[To do]: Look over the listing below and say how many of its lines include the string "ultimately"; give no more than that number.

[Exercise input]:
(* For every integer $s \ge 2$, $R(s,s) \le s$ and $R(s,s) \ge p$, where $p$ is the smallest prime factor of $s$. Moreover, if $s$ is even then $R(s,s)=2$.
   Context: Let $Z_s$ be the ring of integers modulo $s$. A family $\mathcal{F} \subseteq Z_s^q$ is covering if for every ordered pair of distinct vectors $u,v \in \mathcal{F}$ and every $a \in Z_s$ there is a coordinate $i$ with $u_i - v_i = a$. $R(s,q)$ denotes the maximum possible cardinality of a covering family in $Z_s^q$. *)

theory Defs
  imports Main "HOL-Library.FuncSet" "HOL-Computational_Algebra.Primes"
begin

text \<open>Vectors of Z_s^q: functions on coordinates {0..<q} with values in {0..<s}
  (representatives of Z_s), extensional outside {0..<q}.\<close>
definition vecs :: "nat \<Rightarrow> nat \<Rightarrow> (nat \<Rightarrow> nat) set" where
  "vecs s q = {0..<q} \<rightarrow>\<^sub>E {0..<s}"

definition covering :: "nat \<Rightarrow> nat \<Rightarrow> (nat \<Rightarrow> nat) set \<Rightarrow> bool" where
  "covering s q F \<longleftrightarrow> F \<subseteq> vecs s q \<and>
     (\<forall>u\<in>F. \<forall>v\<in>F. u \<noteq> v \<longrightarrow>
        (\<forall>a\<in>{0..<s}. \<exists>i\<in>{0..<q}. (int (u i) - int (v i)) mod int s = int a))"

definition R :: "nat \<Rightarrow> nat \<Rightarrow> nat" where
  "R s q = Max {card F | F. covering s q F}"

end

theory Submission
  imports Defs "HOL-Number_Theory.Number_Theory"
begin

(* If u and v are distinct members of a covering family in Z_s^s, the s coordinates of u - v
   take all s residues, so i \<mapsto> u_i - v_i is a bijection of Z_s. Hence u_1 - u_0 already
   separates the members, so there are at most s of them. Summing coordinates gives
   \<Sigma>u - \<Sigma>v = 0 + 1 + ... + (s - 1) = s/2 (mod s) when s is even, and three members would
   force s/2 + s/2 = s/2 (mod s). Conversely, the multiples k (0, 1, ..., s - 1) for k < n
   form a covering family whenever all differences of indices below n are units mod s, in
   particular for n the least prime factor of s. *)

lemma finite_covering_cards: "finite {card F | F. covering s q F}"
proof (rule finite_subset)
  show "{card F | F. covering s q F} \<subseteq> {..card (vecs s q)}"
    unfolding covering_def vecs_def by (auto intro!: card_mono finite_PiE)
qed simp

lemma card_le_R: "covering s q F \<Longrightarrow> card F \<le> R s q"
  unfolding R_def using finite_covering_cards by (auto intro: Max_ge)

lemma R_le:
  assumes "\<And>F. covering s q F \<Longrightarrow> card F \<le> b"
  shows "R s q \<le> b"
proof -
  have "covering s q {}"
    by (simp add: covering_def)
  then show ?thesis
    unfolding R_def using finite_covering_cards assms by (auto intro!: Max.boundedI)
qed

lemma covering_diff_image:
  assumes cov: "covering s q F" and "0 < s" and "u \<in> F" "v \<in> F" "u \<noteq> v"
  shows "(\<lambda>i. (int (u i) - int (v i)) mod int s) ` {0..<q} = {0..<int s}"
proof
  show "(\<lambda>i. (int (u i) - int (v i)) mod int s) ` {0..<q} \<subseteq> {0..<int s}"
    using \<open>0 < s\<close> by auto
  show "{0..<int s} \<subseteq> (\<lambda>i. (int (u i) - int (v i)) mod int s) ` {0..<q}"
  proof
    fix a assume "a \<in> {0..<int s}"
    then have "nat a \<in> {0..<s}" and a: "a = int (nat a)"
      by auto
    with cov assms(3-5) obtain i where "i \<in> {0..<q}" "(int (u i) - int (v i)) mod int s = a"
      unfolding covering_def by metis
    then show "a \<in> (\<lambda>i. (int (u i) - int (v i)) mod int s) ` {0..<q}"
      by blast
  qed
qed

lemma covering_diff_bij:
  assumes "covering s s F" "0 < s" "u \<in> F" "v \<in> F" "u \<noteq> v"
  shows "bij_betw (\<lambda>i. (int (u i) - int (v i)) mod int s) {0..<s} {0..<int s}"
  using covering_diff_image[OF assms] by (simp add: bij_betw_def eq_card_imp_inj_on)

lemma covering_card_le:
  assumes cov: "covering s s F" and "2 \<le> s"
  shows "card F \<le> s"
proof -
  let ?g = "\<lambda>u. (int (u 1) - int (u 0)) mod int s"
  have "inj_on ?g F"
  proof (rule inj_onI, rule ccontr)
    fix u v assume "u \<in> F" "v \<in> F" "?g u = ?g v" "u \<noteq> v"
    then have "inj_on (\<lambda>i. (int (u i) - int (v i)) mod int s) {0..<s}"
      using covering_diff_bij[OF cov] \<open>2 \<le> s\<close> by (simp add: bij_betw_def)
    moreover from \<open>?g u = ?g v\<close>
    have "(int (u 1) - int (v 1)) mod int s = (int (u 0) - int (v 0)) mod int s"
      by (auto simp: mod_eq_dvd_iff algebra_simps)
    ultimately have "(1::nat) = 0"
      by (rule inj_onD) (use \<open>2 \<le> s\<close> in auto)
    then show False
      by simp
  qed
  then have "card F = card (?g ` F)"
    by (simp add: card_image)
  also have "\<dots> \<le> card {0..<int s}"
    using \<open>2 \<le> s\<close> by (intro card_mono) auto
  finally show ?thesis
    by simp
qed

lemma covering_sum_diff_cong:
  assumes "covering s s F" "0 < s" "u \<in> F" "v \<in> F" "u \<noteq> v"
  shows "[(\<Sum>i<s. int (u i)) - (\<Sum>i<s. int (v i)) = \<Sum>{0..<int s}] (mod int s)"
proof -
  have "[(\<Sum>i<s. int (u i)) - (\<Sum>i<s. int (v i)) = (\<Sum>i<s. (int (u i) - int (v i)) mod int s)] (mod int s)"
    by (simp add: cong_def mod_sum_eq sum_subtractf)
  also have "(\<Sum>i<s. (int (u i) - int (v i)) mod int s) = \<Sum>{0..<int s}"
    using sum.reindex_bij_betw[OF covering_diff_bij[OF assms], of id] by (simp add: lessThan_atLeast0)
  finally show ?thesis .
qed

lemma sum_residues_even_cong:
  assumes "even s"
  shows "[\<Sum>{0..<int s} = int (s div 2)] (mod int s)"
proof -
  obtain m where s: "s = 2 * m"
    using assms by blast
  have gauss: "2 * (\<Sum>a<n. int a) = int n * (int n - 1)" for n
    by (induction n) (auto simp: algebra_simps)
  have "\<Sum>{0..<int s} = (\<Sum>a<s. int a)"
    using sum.reindex[of int "{0..<s}" id] by (simp add: image_int_atLeastLessThan lessThan_atLeast0)
  with gauss[of s] have "2 * \<Sum>{0..<int s} = 2 * (int s * (int m - 1) + int m)"
    unfolding s by (simp add: algebra_simps)
  then have "\<Sum>{0..<int s} = int s * (int m - 1) + int m"
    by simp
  then show ?thesis
    by (simp add: cong_def s)
qed

lemma covering_card_le_2:
  assumes cov: "covering s s F" and "2 \<le> s" "even s"
  shows "card F \<le> 2"
proof (rule ccontr)
  assume "\<not> card F \<le> 2"
  then obtain T where "T \<subseteq> F" "card T = 3"
    by (metis obtain_subset_with_card_n not_le Suc_leI numeral_3_eq_3 numeral_2_eq_2)
  then obtain u v w where uvw: "u \<in> F" "v \<in> F" "w \<in> F" "u \<noteq> v" "v \<noteq> w" "u \<noteq> w"
    by (auto simp: card_3_iff)
  define S where "S x = (\<Sum>i<s. int (x i))" for x :: "nat \<Rightarrow> nat"
  define m where "m = int (s div 2)"
  have "0 < s"
    using \<open>2 \<le> s\<close> by simp
  have diff_cong: "[S x - S y = m] (mod int s)" if "x \<in> F" "y \<in> F" "x \<noteq> y" for x y
    unfolding S_def m_def
    using covering_sum_diff_cong[OF cov \<open>0 < s\<close> that] sum_residues_even_cong[OF \<open>even s\<close>]
    by (rule cong_trans)
  have "[m + m = S u - S w] (mod int s)"
    using cong_add[OF diff_cong[of u v] diff_cong[of v w]] uvw by (simp add: cong_sym_eq)
  from this diff_cong[OF uvw(1,3,6)] have "[m + m = m] (mod int s)"
    by (rule cong_trans)
  then have "int s dvd m"
    by (simp add: cong_iff_dvd_diff)
  moreover have "0 < m" "m < int s"
    using \<open>2 \<le> s\<close> unfolding m_def by auto
  ultimately show False
    using zdvd_imp_le by fastforce
qed

definition multiples_family :: "nat \<Rightarrow> nat \<Rightarrow> (nat \<Rightarrow> nat) set" where
  "multiples_family s n = (\<lambda>k. \<lambda>i\<in>{0..<s}. k * i mod s) ` {0..<n}"

lemma coprime_diff_mult_surj:
  fixes k l :: nat
  assumes "coprime (int k - int l) (int s)" and "a < s"
  shows "\<exists>i<s. (int (k * i mod s) - int (l * i mod s)) mod int s = int a"
proof -
  obtain x where x: "[(int k - int l) * x = 1] (mod int s)"
    using cong_solve_coprime_int[OF assms(1)] by blast
  define i where "i = nat (int a * x mod int s)"
  have i: "int i = int a * x mod int s"
    unfolding i_def using \<open>a < s\<close> by simp
  then have "i < s"
    using \<open>a < s\<close> by (simp add: i_def nat_less_iff)
  have "[int (k * i mod s) - int (l * i mod s) = (int k - int l) * int i] (mod int s)"
    by (simp add: cong_def zmod_int mod_diff_eq algebra_simps)
  also have "[(int k - int l) * int i = (int k - int l) * (int a * x)] (mod int s)"
    unfolding i by (intro cong_scalar_left) simp
  also have "(int k - int l) * (int a * x) = (int k - int l) * x * int a"
    by (simp add: algebra_simps)
  also have "[(int k - int l) * x * int a = 1 * int a] (mod int s)"
    using x by (rule cong_scalar_right)
  finally have "(int (k * i mod s) - int (l * i mod s)) mod int s = int a"
    using \<open>a < s\<close> by (simp add: cong_def)
  with \<open>i < s\<close> show ?thesis
    by blast
qed

lemma covering_multiples_family:
  assumes "\<And>d. 0 < d \<Longrightarrow> d < n \<Longrightarrow> coprime d s"
  shows "covering s s (multiples_family s n)"
  unfolding covering_def
proof (intro conjI ballI impI)
  show "multiples_family s n \<subseteq> vecs s s"
    unfolding multiples_family_def vecs_def by (auto simp: restrict_PiE_iff)
next
  fix u v a
  assume "u \<in> multiples_family s n" "v \<in> multiples_family s n" "u \<noteq> v" "a \<in> {0..<s}"
  then obtain k l where u: "u = (\<lambda>i\<in>{0..<s}. k * i mod s)" and v: "v = (\<lambda>i\<in>{0..<s}. l * i mod s)"
    and kl: "k < n" "l < n"
    unfolding multiples_family_def by auto
  with \<open>u \<noteq> v\<close> have "coprime (nat \<bar>int k - int l\<bar>) s"
    by (intro assms) auto
  then have "coprime (int k - int l) (int s)"
    using coprime_int_iff[of "nat \<bar>int k - int l\<bar>" s] by simp
  then obtain i where "i < s" "(int (k * i mod s) - int (l * i mod s)) mod int s = int a"
    using coprime_diff_mult_surj \<open>a \<in> {0..<s}\<close> by (metis atLeastLessThan_iff)
  then show "\<exists>i\<in>{0..<s}. (int (u i) - int (v i)) mod int s = int a"
    unfolding u v by auto
qed

lemma card_multiples_family:
  assumes "n \<le> s"
  shows "card (multiples_family s n) = n"
proof -
  have "inj_on (\<lambda>k. \<lambda>i\<in>{0..<s}. k * i mod s) {0..<n}"
  proof (rule inj_onI)
    fix k l assume "k \<in> {0..<n}" "l \<in> {0..<n}"
      and eq: "(\<lambda>i\<in>{0..<s}. k * i mod s) = (\<lambda>i\<in>{0..<s}. l * i mod s)"
    show "k = l"
    proof (cases "s = 1")
      case False
      with \<open>k \<in> {0..<n}\<close> \<open>l \<in> {0..<n}\<close> \<open>n \<le> s\<close> have "1 < s" "k < s" "l < s"
        by auto
      then show ?thesis
        using fun_cong[OF eq, of 1] by simp
    qed (use \<open>k \<in> {0..<n}\<close> \<open>l \<in> {0..<n}\<close> \<open>n \<le> s\<close> in auto)
  qed
  then show ?thesis
    unfolding multiples_family_def by (simp add: card_image)
qed

lemma coprime_if_less_Min_prime_factors:
  fixes d s :: nat
  assumes "s \<noteq> 0" "0 < d" "d < Min (prime_factors s)"
  shows "coprime d s"
proof (rule ccontr)
  assume "\<not> coprime d s"
  then have "gcd d s \<noteq> 1"
    using coprime_iff_gcd_eq_1 by blast
  then obtain q where "prime q" "q dvd gcd d s"
    using prime_factor_nat by blast
  then have "q \<in> prime_factors s" "q dvd d"
    using \<open>s \<noteq> 0\<close> by (auto simp: prime_factors_dvd intro: dvd_trans)
  then have "Min (prime_factors s) \<le> q" "q \<le> d"
    using \<open>0 < d\<close> by (simp_all add: dvd_imp_le)
  with assms show False
    by simp
qed

lemma Min_prime_factors_le:
  fixes s :: nat
  assumes "1 < s"
  shows "Min (prime_factors s) \<le> s"
proof -
  obtain q where "prime q" "q dvd s"
    using prime_factor_nat[of s] assms by auto
  then have "q \<in> prime_factors s"
    using assms by (simp add: prime_factors_dvd)
  then have "Min (prime_factors s) \<le> q"
    by simp
  also have "q \<le> s"
    using \<open>q dvd s\<close> assms by (simp add: dvd_imp_le)
  finally show ?thesis .
qed

lemma le_R_if_coprime_below:
  assumes "n \<le> s" and "\<And>d. 0 < d \<Longrightarrow> d < n \<Longrightarrow> coprime d s"
  shows "n \<le> R s s"
proof -
  have "covering s s (multiples_family s n)"
    using assms(2) by (rule covering_multiples_family)
  then show ?thesis
    using card_multiples_family[OF assms(1)] by (metis card_le_R)
qed

theorem proposition4p1:
  fixes s :: nat
  assumes "s \<ge> 2"
  shows "R s s \<le> s \<and> Min (prime_factors s) \<le> R s s \<and> (even s \<longrightarrow> R s s = 2)"
proof -
  have "R s s \<le> s"
    using covering_card_le assms by (intro R_le)
  moreover have "Min (prime_factors s) \<le> R s s"
    using assms
    by (intro le_R_if_coprime_below Min_prime_factors_le coprime_if_less_Min_prime_factors) auto
  moreover have "R s s = 2" if "even s"
  proof (rule antisym)
    show "R s s \<le> 2"
      using covering_card_le_2 assms that by (intro R_le)
    show "2 \<le> R s s"
      using assms by (intro le_R_if_coprime_below) (auto simp: less_2_cases_iff)
  qed
  ultimately show ?thesis
    by blast
qed

end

[Response for this exercise]: 3